### WHAT YOU WILL DO:
For the entries below, report every line that includes the word "assms".

### DATA EXTRACTS:
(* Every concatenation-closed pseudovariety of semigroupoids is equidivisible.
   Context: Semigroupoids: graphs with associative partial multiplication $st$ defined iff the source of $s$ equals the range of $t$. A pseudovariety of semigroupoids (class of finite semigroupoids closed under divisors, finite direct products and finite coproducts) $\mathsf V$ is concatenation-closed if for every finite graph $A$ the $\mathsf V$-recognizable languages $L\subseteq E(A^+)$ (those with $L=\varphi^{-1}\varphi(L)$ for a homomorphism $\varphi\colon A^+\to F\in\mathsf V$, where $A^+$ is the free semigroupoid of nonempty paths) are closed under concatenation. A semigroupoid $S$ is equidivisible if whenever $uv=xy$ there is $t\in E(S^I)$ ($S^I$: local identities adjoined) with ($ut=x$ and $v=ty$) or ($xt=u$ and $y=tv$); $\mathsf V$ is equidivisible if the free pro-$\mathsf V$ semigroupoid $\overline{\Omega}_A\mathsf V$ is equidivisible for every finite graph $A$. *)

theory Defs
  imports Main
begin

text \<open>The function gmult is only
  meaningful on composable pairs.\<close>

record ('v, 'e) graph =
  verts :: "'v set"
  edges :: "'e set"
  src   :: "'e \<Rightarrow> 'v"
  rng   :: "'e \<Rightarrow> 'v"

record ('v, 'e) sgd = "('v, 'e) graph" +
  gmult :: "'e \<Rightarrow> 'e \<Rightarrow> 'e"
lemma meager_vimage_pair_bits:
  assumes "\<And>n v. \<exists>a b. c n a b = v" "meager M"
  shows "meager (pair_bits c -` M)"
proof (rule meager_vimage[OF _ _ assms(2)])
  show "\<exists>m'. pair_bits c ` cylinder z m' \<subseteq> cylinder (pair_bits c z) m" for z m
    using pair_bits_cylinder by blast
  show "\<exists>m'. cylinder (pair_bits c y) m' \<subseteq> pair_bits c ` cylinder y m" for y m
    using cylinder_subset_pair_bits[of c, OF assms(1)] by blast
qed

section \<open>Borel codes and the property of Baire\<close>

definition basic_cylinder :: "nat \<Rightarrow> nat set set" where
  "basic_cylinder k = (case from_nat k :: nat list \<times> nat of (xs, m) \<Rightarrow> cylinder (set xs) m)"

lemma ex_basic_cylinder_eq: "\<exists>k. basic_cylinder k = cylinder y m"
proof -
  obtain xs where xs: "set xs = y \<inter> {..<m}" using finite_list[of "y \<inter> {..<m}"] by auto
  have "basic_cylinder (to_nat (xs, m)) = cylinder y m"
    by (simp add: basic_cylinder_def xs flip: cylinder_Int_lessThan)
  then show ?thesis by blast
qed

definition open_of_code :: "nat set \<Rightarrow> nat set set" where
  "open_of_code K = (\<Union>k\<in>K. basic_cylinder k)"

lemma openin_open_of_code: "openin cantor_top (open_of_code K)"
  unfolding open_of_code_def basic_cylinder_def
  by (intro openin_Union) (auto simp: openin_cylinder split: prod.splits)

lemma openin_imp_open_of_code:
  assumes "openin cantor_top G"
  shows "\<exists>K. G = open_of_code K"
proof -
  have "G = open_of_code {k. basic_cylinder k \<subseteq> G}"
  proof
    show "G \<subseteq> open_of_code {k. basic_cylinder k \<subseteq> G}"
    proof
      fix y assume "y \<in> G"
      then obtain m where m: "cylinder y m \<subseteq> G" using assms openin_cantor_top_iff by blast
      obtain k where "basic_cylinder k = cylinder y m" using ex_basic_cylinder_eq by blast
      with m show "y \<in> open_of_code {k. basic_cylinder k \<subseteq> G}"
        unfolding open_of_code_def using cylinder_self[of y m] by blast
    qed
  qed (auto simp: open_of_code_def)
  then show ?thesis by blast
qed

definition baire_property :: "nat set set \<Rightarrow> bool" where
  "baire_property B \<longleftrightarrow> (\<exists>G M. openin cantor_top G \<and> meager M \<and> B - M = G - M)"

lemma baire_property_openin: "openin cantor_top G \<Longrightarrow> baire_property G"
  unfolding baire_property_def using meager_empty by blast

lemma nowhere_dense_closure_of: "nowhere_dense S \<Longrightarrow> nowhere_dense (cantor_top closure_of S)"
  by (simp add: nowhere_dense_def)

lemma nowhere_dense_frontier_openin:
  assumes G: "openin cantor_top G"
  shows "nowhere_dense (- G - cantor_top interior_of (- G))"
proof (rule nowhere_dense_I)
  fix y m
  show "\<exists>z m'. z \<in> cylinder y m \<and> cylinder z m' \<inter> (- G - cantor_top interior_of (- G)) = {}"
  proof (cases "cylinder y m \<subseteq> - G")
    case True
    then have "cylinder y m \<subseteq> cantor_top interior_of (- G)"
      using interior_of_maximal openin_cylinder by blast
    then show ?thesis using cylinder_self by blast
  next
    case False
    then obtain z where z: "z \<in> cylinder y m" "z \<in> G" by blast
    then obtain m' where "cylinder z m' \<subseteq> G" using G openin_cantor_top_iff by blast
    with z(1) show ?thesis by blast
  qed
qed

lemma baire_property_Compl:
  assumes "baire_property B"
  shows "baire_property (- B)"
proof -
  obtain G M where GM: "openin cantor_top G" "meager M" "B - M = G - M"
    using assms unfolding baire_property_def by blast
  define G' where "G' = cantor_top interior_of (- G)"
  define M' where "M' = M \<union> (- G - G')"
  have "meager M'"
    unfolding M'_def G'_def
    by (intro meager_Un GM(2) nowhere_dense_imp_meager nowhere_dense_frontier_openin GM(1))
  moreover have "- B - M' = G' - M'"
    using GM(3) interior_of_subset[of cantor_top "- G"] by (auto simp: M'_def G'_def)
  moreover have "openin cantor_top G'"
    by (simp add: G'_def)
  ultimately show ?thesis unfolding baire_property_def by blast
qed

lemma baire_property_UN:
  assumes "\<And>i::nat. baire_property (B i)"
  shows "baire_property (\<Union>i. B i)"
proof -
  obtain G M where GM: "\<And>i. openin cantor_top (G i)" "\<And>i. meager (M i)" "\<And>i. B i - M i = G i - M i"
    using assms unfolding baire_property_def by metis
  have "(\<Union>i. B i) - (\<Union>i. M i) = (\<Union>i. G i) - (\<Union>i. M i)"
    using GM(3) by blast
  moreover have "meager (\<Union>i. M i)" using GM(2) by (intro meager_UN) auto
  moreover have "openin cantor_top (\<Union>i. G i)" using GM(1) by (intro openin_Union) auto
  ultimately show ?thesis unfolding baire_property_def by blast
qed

==

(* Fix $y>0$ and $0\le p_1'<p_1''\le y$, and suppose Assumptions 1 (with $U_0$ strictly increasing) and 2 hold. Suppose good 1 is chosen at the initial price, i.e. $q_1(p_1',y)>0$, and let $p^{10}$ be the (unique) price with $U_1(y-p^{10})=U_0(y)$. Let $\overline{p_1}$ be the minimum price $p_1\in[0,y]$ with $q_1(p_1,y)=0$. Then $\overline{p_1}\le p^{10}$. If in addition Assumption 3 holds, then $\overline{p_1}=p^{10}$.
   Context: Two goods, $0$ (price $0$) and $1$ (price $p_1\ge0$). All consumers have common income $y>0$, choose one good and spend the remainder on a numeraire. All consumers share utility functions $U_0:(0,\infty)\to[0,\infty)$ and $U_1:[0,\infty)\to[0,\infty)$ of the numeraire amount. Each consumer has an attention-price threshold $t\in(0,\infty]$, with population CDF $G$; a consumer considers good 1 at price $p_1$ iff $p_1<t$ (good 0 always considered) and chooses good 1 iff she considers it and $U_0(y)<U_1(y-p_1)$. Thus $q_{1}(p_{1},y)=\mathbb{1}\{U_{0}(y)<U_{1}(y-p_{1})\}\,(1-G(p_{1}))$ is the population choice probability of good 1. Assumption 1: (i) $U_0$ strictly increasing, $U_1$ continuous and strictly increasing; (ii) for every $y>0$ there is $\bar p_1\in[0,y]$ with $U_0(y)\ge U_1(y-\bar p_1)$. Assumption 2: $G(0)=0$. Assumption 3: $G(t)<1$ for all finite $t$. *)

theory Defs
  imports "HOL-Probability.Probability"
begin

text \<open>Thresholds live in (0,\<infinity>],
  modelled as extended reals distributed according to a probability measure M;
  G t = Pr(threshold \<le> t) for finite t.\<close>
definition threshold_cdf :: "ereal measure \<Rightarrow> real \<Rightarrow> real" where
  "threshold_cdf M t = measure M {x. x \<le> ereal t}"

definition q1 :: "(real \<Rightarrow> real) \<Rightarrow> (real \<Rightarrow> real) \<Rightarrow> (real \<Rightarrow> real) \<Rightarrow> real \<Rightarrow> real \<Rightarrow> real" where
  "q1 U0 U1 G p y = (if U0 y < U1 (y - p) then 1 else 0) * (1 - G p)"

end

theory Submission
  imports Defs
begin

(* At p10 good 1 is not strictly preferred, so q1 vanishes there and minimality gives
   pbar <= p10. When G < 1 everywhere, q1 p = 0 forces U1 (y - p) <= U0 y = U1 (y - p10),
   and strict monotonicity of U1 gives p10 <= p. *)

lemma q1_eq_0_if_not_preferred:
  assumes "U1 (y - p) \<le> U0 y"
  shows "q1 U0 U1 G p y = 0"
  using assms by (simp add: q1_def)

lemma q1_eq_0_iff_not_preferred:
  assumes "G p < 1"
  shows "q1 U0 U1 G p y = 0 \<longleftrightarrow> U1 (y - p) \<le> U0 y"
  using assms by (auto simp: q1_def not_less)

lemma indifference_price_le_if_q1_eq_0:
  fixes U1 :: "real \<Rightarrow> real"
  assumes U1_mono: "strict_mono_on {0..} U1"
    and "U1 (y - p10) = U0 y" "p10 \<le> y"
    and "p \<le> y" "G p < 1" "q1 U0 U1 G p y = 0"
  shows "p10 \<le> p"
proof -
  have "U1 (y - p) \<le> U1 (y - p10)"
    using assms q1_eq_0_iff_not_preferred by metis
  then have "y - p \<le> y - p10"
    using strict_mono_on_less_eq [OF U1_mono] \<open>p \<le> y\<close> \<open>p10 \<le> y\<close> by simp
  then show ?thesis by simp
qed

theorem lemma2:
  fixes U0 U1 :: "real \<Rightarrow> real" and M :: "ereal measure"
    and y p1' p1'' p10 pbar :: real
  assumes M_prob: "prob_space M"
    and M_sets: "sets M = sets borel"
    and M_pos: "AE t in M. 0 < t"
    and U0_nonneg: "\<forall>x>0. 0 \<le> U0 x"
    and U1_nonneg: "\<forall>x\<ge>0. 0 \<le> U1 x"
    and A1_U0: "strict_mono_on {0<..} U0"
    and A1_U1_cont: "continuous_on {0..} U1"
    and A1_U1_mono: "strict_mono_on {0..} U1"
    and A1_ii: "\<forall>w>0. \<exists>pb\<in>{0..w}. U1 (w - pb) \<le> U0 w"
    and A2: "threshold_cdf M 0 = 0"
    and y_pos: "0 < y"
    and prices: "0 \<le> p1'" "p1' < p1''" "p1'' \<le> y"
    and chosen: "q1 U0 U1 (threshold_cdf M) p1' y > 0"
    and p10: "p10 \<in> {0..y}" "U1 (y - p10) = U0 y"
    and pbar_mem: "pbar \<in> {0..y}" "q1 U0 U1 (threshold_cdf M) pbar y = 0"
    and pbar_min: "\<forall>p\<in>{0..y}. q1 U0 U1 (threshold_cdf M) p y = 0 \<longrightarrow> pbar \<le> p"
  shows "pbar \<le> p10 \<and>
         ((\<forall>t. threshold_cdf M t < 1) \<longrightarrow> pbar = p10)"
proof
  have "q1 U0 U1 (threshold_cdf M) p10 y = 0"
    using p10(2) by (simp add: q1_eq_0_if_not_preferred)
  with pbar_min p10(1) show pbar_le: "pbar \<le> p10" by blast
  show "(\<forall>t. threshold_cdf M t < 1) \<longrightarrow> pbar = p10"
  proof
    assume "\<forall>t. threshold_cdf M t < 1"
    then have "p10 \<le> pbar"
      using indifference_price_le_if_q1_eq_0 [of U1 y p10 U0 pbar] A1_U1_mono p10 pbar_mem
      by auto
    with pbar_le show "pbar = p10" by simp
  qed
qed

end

### TASK RESULT:
proof (rule meager_vimage[OF _ _ assms(2)])
    using cylinder_subset_pair_bits[of c, OF assms(1)] by blast
      then obtain m where m: "cylinder y m \<subseteq> G" using assms openin_cantor_top_iff by blast
    using assms unfolding baire_property_def by blast
    using assms unfolding baire_property_def by metis
  using assms by (simp add: q1_def)
  using assms by (auto simp: q1_def not_less)
    using assms q1_eq_0_iff_not_preferred by metis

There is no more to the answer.